Task item: Would you retype, word for word, the line with "Up) \<in> S" and every line after it through the end of the records below?

----------------

lemma adag_rot_product_expand:
  assumes "distinct vs"
  shows "foldr (adag_rot L V v0 \<alpha> \<beta>) vs vacuum
       = (\<lambda>S. \<Sum>D\<in>Pow (set vs). \<alpha> ^ card (set vs - D) * \<beta> ^ card D * adag_product (down_spin D) vs S)"
  using assms
proof (induction vs)
  case Nil
  show ?case by simp
next
  case (Cons v vs)
  let ?A = "set vs"
  have v: "v \<notin> ?A" and fin: "finite ?A" using Cons.prems by auto
  have D: "v \<notin> D" "finite D" if "D \<in> Pow ?A" for D
    using that v finite_subset[OF _ fin] by auto
  have card1: "card (insert v ?A - D) = Suc (card (?A - D))" if "D \<in> Pow ?A" for D
    using D[OF that] v fin by (simp add: insert_Diff_if)
  have card2: "insert v ?A - insert v D = ?A - D" "card (insert v D) = Suc (card D)"
    if "D \<in> Pow ?A" for D using D[OF that] v by auto
  show ?case
  proof
    fix S
    let ?k = "\<lambda>D. \<alpha> ^ card (?A - D) * \<beta> ^ card D"
    have IH: "foldr (adag_rot L V v0 \<alpha> \<beta>) vs vacuum = (\<lambda>S. \<Sum>D\<in>Pow ?A. ?k D * adag_product (down_spin D) vs S)"
      using Cons by simp
    have "foldr (adag_rot L V v0 \<alpha> \<beta>) (v # vs) vacuum S
        = \<alpha> * ad v Up (\<lambda>S. \<Sum>D\<in>Pow ?A. ?k D * adag_product (down_spin D) vs S) S
        + \<beta> * ad v Dn (\<lambda>S. \<Sum>D\<in>Pow ?A. ?k D * adag_product (down_spin D) vs S) S"
      by (simp add: IH adag_rot_def)
    also have "\<dots> = (\<Sum>D\<in>Pow ?A. \<alpha> * ?k D * ad v Up (adag_product (down_spin D) vs) S)
        + (\<Sum>D\<in>Pow ?A. \<beta> * ?k D * ad v Dn (adag_product (down_spin D) vs) S)"
      unfolding adag_lin by (simp add: sum_distrib_left mult.assoc)
    also have "\<dots> = (\<Sum>D\<in>Pow (insert v ?A).
        \<alpha> ^ card (insert v ?A - D) * \<beta> ^ card D * adag_product (down_spin D) (v # vs) S)"
      unfolding sum_Pow_insert[OF fin v]
      using D adag_product_down_spin_Cons_Up adag_product_down_spin_Cons_Dn[OF v] card1 card2
      by (intro arg_cong2[where f="(+)"] sum.cong refl) (simp_all add: mult_ac)
    finally show "foldr (adag_rot L V v0 \<alpha> \<beta>) (v # vs) vacuum S
       = (\<Sum>D\<in>Pow (set (v # vs)). \<alpha> ^ card (set (v # vs) - D) * \<beta> ^ card D * adag_product (down_spin D) (v # vs) S)"
      by simp
  qed
qed

abbreviation "ws \<equiv> sorted_list_of_set W"

lemma Phi_rot_expand:
  "Phi_rot L V v0 \<alpha> \<beta> = (\<lambda>S. \<Sum>D\<in>Pow W. \<alpha> ^ card (W - D) * \<beta> ^ card D * adag_product (down_spin D) ws S)"
  unfolding Phi_rot_def ordered_prod_def using adag_rot_product_expand[of ws \<alpha> \<beta>] by simp

lemma Phi_rot_equal_weights:
  "Phi_rot L V v0 s (z * s) S = s ^ card W * (\<Sum>D\<in>Pow W. z ^ card D * adag_product (down_spin D) ws S)"
proof -
  have "s ^ card (W - D) * (z * s) ^ card D = s ^ card W * z ^ card D" if "D \<in> Pow W" for D
  proof -
    have "card (W - D) + card D = card W" using that by (simp add: card_Diff_subset card_mono)
    then have "s ^ card (W - D) * s ^ card D = s ^ card W" by (simp only: power_add[symmetric])
    then show ?thesis by (simp add: power_mult_distrib mult_ac)
  qed
  then show ?thesis
    unfolding Phi_rot_expand sum_distrib_left by (intro sum.cong refl) simp
qed

text \<open>The rotations with \<open>\<alpha> = 1/\<surd>2\<close> and \<open>\<beta> = \<omega>\<^sup>j/\<surd>2\<close>, \<open>\<omega>\<close> a primitive \<open>(|W|+1)\<close>-th root of unity,
  weight the term of \<open>D\<close> by \<open>(\<omega>\<^sup>|\<^sup>D\<^sup>|)\<^sup>j\<close>; Fourier inversion then isolates any function of \<open>|D|\<close>.\<close>

lemma card_symmetric_in_span_rotations:
  "(\<lambda>S. \<Sum>D\<in>Pow W. g (card D) * adag_product (down_spin D) ws S) \<in> cspan (spin_rotations L V v0)"
proof -
  define n where "n = card W"
  define N where "N = Suc n"
  define \<omega> where "\<omega> = exp (2 * of_real pi * \<i> / of_nat N)"
  define s :: complex where "s = of_real (1 / sqrt 2)"
  define R where "R j = Phi_rot L V v0 s (\<omega> ^ j * s)" for j :: nat
  define c where "c j = (\<Sum>k\<le>n. g k * \<omega> ^ (j * (N - k))) / (s ^ n * of_nat N)" for j :: nat
  have "cmod s = 1 / sqrt 2" unfolding s_def norm_of_real by simp
  then have cmod_s: "cmod s ^ 2 = 1 / 2" by (simp add: power_divide)
  have "cmod \<omega> = 1" unfolding \<omega>_def by (simp add: norm_exp_eq_Re)
  then have "cmod s ^ 2 + cmod (\<omega> ^ j * s) ^ 2 = 1" for j
    using cmod_s by (simp add: norm_mult norm_power)
  then have R: "R j \<in> spin_rotations L V v0" for j
    unfolding R_def spin_rotations_def by blast
  have R_expand: "R j S = s ^ n * (\<Sum>D\<in>Pow W. (\<omega> ^ j) ^ card D * adag_product (down_spin D) ws S)" for j S
    unfolding R_def n_def by (rule Phi_rot_equal_weights)
  have "(\<Sum>j<N. c j * R j S) = (\<Sum>D\<in>Pow W. g (card D) * adag_product (down_spin D) ws S)" for S
  proof -
    have "s ^ n \<noteq> 0" unfolding s_def by simp
    then have "c j * R j S = (\<Sum>k\<le>n. g k * \<omega> ^ (j * (N - k)))
        * (\<Sum>D\<in>Pow W. (\<omega> ^ j) ^ card D * adag_product (down_spin D) ws S) / of_nat N" for j
      unfolding c_def R_expand by (simp add: field_simps)
    then have "(\<Sum>j<N. c j * R j S) = (\<Sum>j<N. (\<Sum>k\<le>n. g k * \<omega> ^ (j * (N - k)))
        * (\<Sum>D\<in>Pow W. (\<omega> ^ j) ^ card D * adag_product (down_spin D) ws S)) / of_nat N"
      by (simp add: sum_divide_distrib)
    also have "(\<Sum>j<N. (\<Sum>k\<le>n. g k * \<omega> ^ (j * (N - k)))
        * (\<Sum>D\<in>Pow W. (\<omega> ^ j) ^ card D * adag_product (down_spin D) ws S))
        = of_nat N * (\<Sum>D\<in>Pow W. g (card D) * adag_product (down_spin D) ws S)"
      unfolding N_def n_def \<omega>_def by (rule fourier_select_card) simp
    moreover have "of_nat N \<noteq> (0::complex)" unfolding N_def by (simp only: of_nat_eq_0_iff)
    ultimately show ?thesis by simp
  qed
  then have "(\<lambda>S. \<Sum>D\<in>Pow W. g (card D) * adag_product (down_spin D) ws S) = (\<lambda>S. \<Sum>j<N. c j * R j S)"
    by simp
  also have "\<dots> \<in> cspan (spin_rotations L V v0)"
    using R by (intro cspan_sum) auto
  finally show ?thesis .
qed

end

lemma cspan_mono: "X \<subseteq> Y \<Longrightarrow> \<Psi> \<in> cspan X \<Longrightarrow> \<Psi> \<in> cspan Y"
  unfolding cspan_def by blast

context hubbard_construction
begin

lemma Phi_up_eq: "Phi_up L V v0 = adag_product (\<lambda>_. Up) ws"
  unfolding Phi_up_def ordered_prod_def adag_product_def by simp

lemma Phi_up_support:
  assumes "Phi_up L V v0 S \<noteq> 0"
  shows "S \<subseteq> AV \<times> {Up} \<and> card S = card W"
proof -
  have "S \<subseteq> AV \<times> (\<lambda>_. Up) ` set ws \<and> card S = length ws"
    using adag_product_support[of ws "\<lambda>_. Up" S] assms unfolding Phi_up_eq by simp
  moreover have "(\<lambda>_. Up) ` set ws \<subseteq> {Up}" by auto
  ultimately show ?thesis by auto
qed

lemma Phi_up_in_sector: "Phi_up L V v0 \<in> sector AV (card W)"
  unfolding sector_def using Phi_up_support by auto

lemma Phi_up_nonzero: "Phi_up L V v0 \<noteq> (\<lambda>S. 0)"
proof
  assume "Phi_up L V v0 = (\<lambda>S. 0)"
  moreover have "avoids black (spin_config (\<lambda>_. Up) W)"
    unfolding avoids_def spin_config_def using white_not_black by auto
  then have "Phi_up L V v0 (spin_config (\<lambda>_. Up) W) = sort_sign ws"
    unfolding Phi_up_eq using adag_product_avoiding_black[of ws] by simp
  ultimately show False using sort_sign_nonzero[of ws] by simp
qed

lemma H_hub_Phi_up: "H_hub L V t U (Phi_up L V v0) = (\<lambda>S. of_real 0 * Phi_up L V v0 S)"
proof
  fix S
  have "bop V l \<sigma> (Phi_up L V v0) = (\<lambda>S. 0)" if "l \<in> {1..L}" for l \<sigma>
    unfolding Phi_up_eq using bop_adag_product[of ws l] that by simp
  then have "(\<Sum>l\<in>{1..L}. \<Sum>\<sigma>\<in>{Up, Dn}. bdag V l \<sigma> (bop V l \<sigma> (Phi_up L V v0)) S) = 0"
    by (simp add: bdag_def cdag_zero)
  moreover have "numop (v, Up) (numop (v, Dn) (Phi_up L V v0)) S = 0" for v
  proof -
    have "(v, Up) \<in> S \<and> (v, Dn) \<in> S \<Longrightarrow> Phi_up L V v0 S = 0" using Phi_up_support by auto
    then show ?thesis unfolding numop_apply by auto
  qed
  ultimately show "H_hub L V t U (Phi_up L V v0) S = of_real 0 * Phi_up L V v0 S"
    unfolding H_hub_def H_hop_def by simp
qed

lemma ground_energy_zero:
  assumes "t > 0" "U > 0"
  shows "is_ground_energy (H_hub L V t U) (sector AV (card W)) 0"
  unfolding is_ground_energy_def
  using Phi_up_in_sector Phi_up_nonzero H_hub_Phi_up H_hub_eigenvalue_nonneg[OF assms] by blast

lemma ground_state_zero_energy:
  assumes "t > 0" "U > 0" "\<Psi> \<in> ground_states (H_hub L V t U) (sector AV (card W)) 0"
  shows "zero_energy_state \<Psi>"
proof -
  have "\<Psi> \<in> sector AV (card W)" and eig: "H_hub L V t U \<Psi> = (\<lambda>S. of_real 0 * \<Psi> S)"
    using assms(3) unfolding ground_states_def by auto
  moreover have "finite AV" by simp
  ultimately show ?thesis
    using H_hub_zero_energy[OF assms(1,2) eig] hopping_form_eq_0_iff double_occupancy_eq_0_iff
    unfolding zero_energy_state_def by blast
qed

----------------

Exercise answer:
    have "(v, Up) \<in> S \<and> (v, Dn) \<in> S \<Longrightarrow> Phi_up L V v0 S = 0" using Phi_up_support by auto
    then show ?thesis unfolding numop_apply by auto
  qed
  ultimately show "H_hub L V t U (Phi_up L V v0) S = of_real 0 * Phi_up L V v0 S"
    unfolding H_hub_def H_hop_def by simp
qed

lemma ground_energy_zero:
  assumes "t > 0" "U > 0"
  shows "is_ground_energy (H_hub L V t U) (sector AV (card W)) 0"
  unfolding is_ground_energy_def
  using Phi_up_in_sector Phi_up_nonzero H_hub_Phi_up H_hub_eigenvalue_nonneg[OF assms] by blast

lemma ground_state_zero_energy:
  assumes "t > 0" "U > 0" "\<Psi> \<in> ground_states (H_hub L V t U) (sector AV (card W)) 0"
  shows "zero_energy_state \<Psi>"
proof -
  have "\<Psi> \<in> sector AV (card W)" and eig: "H_hub L V t U \<Psi> = (\<lambda>S. of_real 0 * \<Psi> S)"
    using assms(3) unfolding ground_states_def by auto
  moreover have "finite AV" by simp
  ultimately show ?thesis
    using H_hub_zero_energy[OF assms(1,2) eig] hopping_form_eq_0_iff double_occupancy_eq_0_iff
    unfolding zero_energy_state_def by blast
qed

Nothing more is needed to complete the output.